◆ Task description ◆
Write every line of the following listing exactly as it reads.

◆ Exercise input ◆
============

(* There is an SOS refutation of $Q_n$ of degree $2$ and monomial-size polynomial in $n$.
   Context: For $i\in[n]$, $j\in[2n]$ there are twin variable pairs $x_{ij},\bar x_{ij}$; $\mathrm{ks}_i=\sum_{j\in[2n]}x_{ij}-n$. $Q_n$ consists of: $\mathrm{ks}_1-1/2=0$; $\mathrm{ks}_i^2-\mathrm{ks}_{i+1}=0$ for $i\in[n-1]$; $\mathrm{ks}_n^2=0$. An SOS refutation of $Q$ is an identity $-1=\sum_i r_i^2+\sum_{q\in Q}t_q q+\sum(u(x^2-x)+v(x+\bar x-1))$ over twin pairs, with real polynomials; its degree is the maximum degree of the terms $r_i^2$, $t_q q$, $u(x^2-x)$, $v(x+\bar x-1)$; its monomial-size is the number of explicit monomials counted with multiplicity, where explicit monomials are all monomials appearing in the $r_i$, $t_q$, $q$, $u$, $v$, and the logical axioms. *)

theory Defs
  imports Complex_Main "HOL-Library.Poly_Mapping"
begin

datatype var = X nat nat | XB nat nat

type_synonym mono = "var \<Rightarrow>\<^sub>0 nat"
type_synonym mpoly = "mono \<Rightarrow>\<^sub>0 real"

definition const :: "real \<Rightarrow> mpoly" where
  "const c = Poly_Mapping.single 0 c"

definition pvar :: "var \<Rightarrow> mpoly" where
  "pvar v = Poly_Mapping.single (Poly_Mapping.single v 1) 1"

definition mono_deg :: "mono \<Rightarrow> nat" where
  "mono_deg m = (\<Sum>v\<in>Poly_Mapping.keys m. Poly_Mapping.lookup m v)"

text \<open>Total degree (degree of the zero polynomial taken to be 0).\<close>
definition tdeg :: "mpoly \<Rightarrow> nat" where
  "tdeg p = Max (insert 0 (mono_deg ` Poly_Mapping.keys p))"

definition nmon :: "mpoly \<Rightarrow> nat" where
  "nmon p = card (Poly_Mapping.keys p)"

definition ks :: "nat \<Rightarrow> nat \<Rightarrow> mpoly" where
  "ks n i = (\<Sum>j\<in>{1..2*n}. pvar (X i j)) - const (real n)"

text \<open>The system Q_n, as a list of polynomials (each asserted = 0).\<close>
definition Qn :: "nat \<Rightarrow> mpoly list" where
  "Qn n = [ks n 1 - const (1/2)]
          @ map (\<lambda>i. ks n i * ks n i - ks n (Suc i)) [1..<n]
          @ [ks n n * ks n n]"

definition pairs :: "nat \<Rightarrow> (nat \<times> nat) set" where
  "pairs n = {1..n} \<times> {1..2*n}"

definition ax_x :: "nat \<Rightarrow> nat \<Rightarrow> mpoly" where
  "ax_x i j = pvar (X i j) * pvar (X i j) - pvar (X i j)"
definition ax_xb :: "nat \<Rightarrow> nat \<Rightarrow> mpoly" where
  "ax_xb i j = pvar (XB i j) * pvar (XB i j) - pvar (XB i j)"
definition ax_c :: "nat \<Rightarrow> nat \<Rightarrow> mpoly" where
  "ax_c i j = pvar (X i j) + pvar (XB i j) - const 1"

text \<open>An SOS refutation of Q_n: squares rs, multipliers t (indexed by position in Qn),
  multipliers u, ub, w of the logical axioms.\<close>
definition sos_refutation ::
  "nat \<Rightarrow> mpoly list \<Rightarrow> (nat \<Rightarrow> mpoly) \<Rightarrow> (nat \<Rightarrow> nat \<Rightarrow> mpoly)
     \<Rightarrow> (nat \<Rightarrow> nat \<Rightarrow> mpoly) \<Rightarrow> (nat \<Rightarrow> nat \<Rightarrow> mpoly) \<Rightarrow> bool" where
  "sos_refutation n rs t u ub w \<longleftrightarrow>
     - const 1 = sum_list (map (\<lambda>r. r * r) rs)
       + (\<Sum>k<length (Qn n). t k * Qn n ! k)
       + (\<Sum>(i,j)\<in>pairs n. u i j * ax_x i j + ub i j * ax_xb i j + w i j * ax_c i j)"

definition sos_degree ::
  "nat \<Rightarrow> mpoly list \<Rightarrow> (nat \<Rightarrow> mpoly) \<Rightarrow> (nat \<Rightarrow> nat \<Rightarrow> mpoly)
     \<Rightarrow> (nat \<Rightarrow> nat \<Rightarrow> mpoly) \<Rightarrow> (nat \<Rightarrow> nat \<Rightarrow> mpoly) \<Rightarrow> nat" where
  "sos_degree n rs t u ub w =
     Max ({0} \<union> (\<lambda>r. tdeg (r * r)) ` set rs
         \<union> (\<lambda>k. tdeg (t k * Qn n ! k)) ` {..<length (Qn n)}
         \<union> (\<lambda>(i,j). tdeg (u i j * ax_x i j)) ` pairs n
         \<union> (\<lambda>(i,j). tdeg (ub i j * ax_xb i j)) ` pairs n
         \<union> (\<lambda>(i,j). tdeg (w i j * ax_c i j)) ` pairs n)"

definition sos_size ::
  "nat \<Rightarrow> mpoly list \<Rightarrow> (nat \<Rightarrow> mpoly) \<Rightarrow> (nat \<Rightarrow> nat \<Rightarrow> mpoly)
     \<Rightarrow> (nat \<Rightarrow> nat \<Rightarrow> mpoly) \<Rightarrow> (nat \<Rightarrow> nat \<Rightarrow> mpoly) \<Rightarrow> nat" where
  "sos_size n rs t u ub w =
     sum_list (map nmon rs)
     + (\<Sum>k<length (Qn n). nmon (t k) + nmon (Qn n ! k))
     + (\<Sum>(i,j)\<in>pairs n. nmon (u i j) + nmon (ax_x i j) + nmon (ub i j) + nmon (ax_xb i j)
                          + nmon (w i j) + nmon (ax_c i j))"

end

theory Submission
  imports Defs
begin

============

◆ Exercise solution ◆
(* There is an SOS refutation of $Q_n$ of degree $2$ and monomial-size polynomial in $n$.
   Context: For $i\in[n]$, $j\in[2n]$ there are twin variable pairs $x_{ij},\bar x_{ij}$; $\mathrm{ks}_i=\sum_{j\in[2n]}x_{ij}-n$. $Q_n$ consists of: $\mathrm{ks}_1-1/2=0$; $\mathrm{ks}_i^2-\mathrm{ks}_{i+1}=0$ for $i\in[n-1]$; $\mathrm{ks}_n^2=0$. An SOS refutation of $Q$ is an identity $-1=\sum_i r_i^2+\sum_{q\in Q}t_q q+\sum(u(x^2-x)+v(x+\bar x-1))$ over twin pairs, with real polynomials; its degree is the maximum degree of the terms $r_i^2$, $t_q q$, $u(x^2-x)$, $v(x+\bar x-1)$; its monomial-size is the number of explicit monomials counted with multiplicity, where explicit monomials are all monomials appearing in the $r_i$, $t_q$, $q$, $u$, $v$, and the logical axioms. *)

theory Defs
  imports Complex_Main "HOL-Library.Poly_Mapping"
begin

datatype var = X nat nat | XB nat nat

type_synonym mono = "var \<Rightarrow>\<^sub>0 nat"
type_synonym mpoly = "mono \<Rightarrow>\<^sub>0 real"

definition const :: "real \<Rightarrow> mpoly" where
  "const c = Poly_Mapping.single 0 c"

definition pvar :: "var \<Rightarrow> mpoly" where
  "pvar v = Poly_Mapping.single (Poly_Mapping.single v 1) 1"

definition mono_deg :: "mono \<Rightarrow> nat" where
  "mono_deg m = (\<Sum>v\<in>Poly_Mapping.keys m. Poly_Mapping.lookup m v)"

text \<open>Total degree (degree of the zero polynomial taken to be 0).\<close>
definition tdeg :: "mpoly \<Rightarrow> nat" where
  "tdeg p = Max (insert 0 (mono_deg ` Poly_Mapping.keys p))"

definition nmon :: "mpoly \<Rightarrow> nat" where
  "nmon p = card (Poly_Mapping.keys p)"

definition ks :: "nat \<Rightarrow> nat \<Rightarrow> mpoly" where
  "ks n i = (\<Sum>j\<in>{1..2*n}. pvar (X i j)) - const (real n)"

text \<open>The system Q_n, as a list of polynomials (each asserted = 0).\<close>
definition Qn :: "nat \<Rightarrow> mpoly list" where
  "Qn n = [ks n 1 - const (1/2)]
          @ map (\<lambda>i. ks n i * ks n i - ks n (Suc i)) [1..<n]
          @ [ks n n * ks n n]"

definition pairs :: "nat \<Rightarrow> (nat \<times> nat) set" where
  "pairs n = {1..n} \<times> {1..2*n}"

definition ax_x :: "nat \<Rightarrow> nat \<Rightarrow> mpoly" where
  "ax_x i j = pvar (X i j) * pvar (X i j) - pvar (X i j)"
definition ax_xb :: "nat \<Rightarrow> nat \<Rightarrow> mpoly" where
  "ax_xb i j = pvar (XB i j) * pvar (XB i j) - pvar (XB i j)"
definition ax_c :: "nat \<Rightarrow> nat \<Rightarrow> mpoly" where
  "ax_c i j = pvar (X i j) + pvar (XB i j) - const 1"

text \<open>An SOS refutation of Q_n: squares rs, multipliers t (indexed by position in Qn),
  multipliers u, ub, w of the logical axioms.\<close>
definition sos_refutation ::
  "nat \<Rightarrow> mpoly list \<Rightarrow> (nat \<Rightarrow> mpoly) \<Rightarrow> (nat \<Rightarrow> nat \<Rightarrow> mpoly)
     \<Rightarrow> (nat \<Rightarrow> nat \<Rightarrow> mpoly) \<Rightarrow> (nat \<Rightarrow> nat \<Rightarrow> mpoly) \<Rightarrow> bool" where
  "sos_refutation n rs t u ub w \<longleftrightarrow>
     - const 1 = sum_list (map (\<lambda>r. r * r) rs)
       + (\<Sum>k<length (Qn n). t k * Qn n ! k)
       + (\<Sum>(i,j)\<in>pairs n. u i j * ax_x i j + ub i j * ax_xb i j + w i j * ax_c i j)"

definition sos_degree ::
  "nat \<Rightarrow> mpoly list \<Rightarrow> (nat \<Rightarrow> mpoly) \<Rightarrow> (nat \<Rightarrow> nat \<Rightarrow> mpoly)
     \<Rightarrow> (nat \<Rightarrow> nat \<Rightarrow> mpoly) \<Rightarrow> (nat \<Rightarrow> nat \<Rightarrow> mpoly) \<Rightarrow> nat" where
  "sos_degree n rs t u ub w =
     Max ({0} \<union> (\<lambda>r. tdeg (r * r)) ` set rs
         \<union> (\<lambda>k. tdeg (t k * Qn n ! k)) ` {..<length (Qn n)}
         \<union> (\<lambda>(i,j). tdeg (u i j * ax_x i j)) ` pairs n
         \<union> (\<lambda>(i,j). tdeg (ub i j * ax_xb i j)) ` pairs n
         \<union> (\<lambda>(i,j). tdeg (w i j * ax_c i j)) ` pairs n)"

definition sos_size ::
  "nat \<Rightarrow> mpoly list \<Rightarrow> (nat \<Rightarrow> mpoly) \<Rightarrow> (nat \<Rightarrow> nat \<Rightarrow> mpoly)
     \<Rightarrow> (nat \<Rightarrow> nat \<Rightarrow> mpoly) \<Rightarrow> (nat \<Rightarrow> nat \<Rightarrow> mpoly) \<Rightarrow> nat" where
  "sos_size n rs t u ub w =
     sum_list (map nmon rs)
     + (\<Sum>k<length (Qn n). nmon (t k) + nmon (Qn n ! k))
     + (\<Sum>(i,j)\<in>pairs n. nmon (u i j) + nmon (ax_x i j) + nmon (ub i j) + nmon (ax_xb i j)
                          + nmon (w i j) + nmon (ax_c i j))"

end

theory Submission
  imports Defs
begin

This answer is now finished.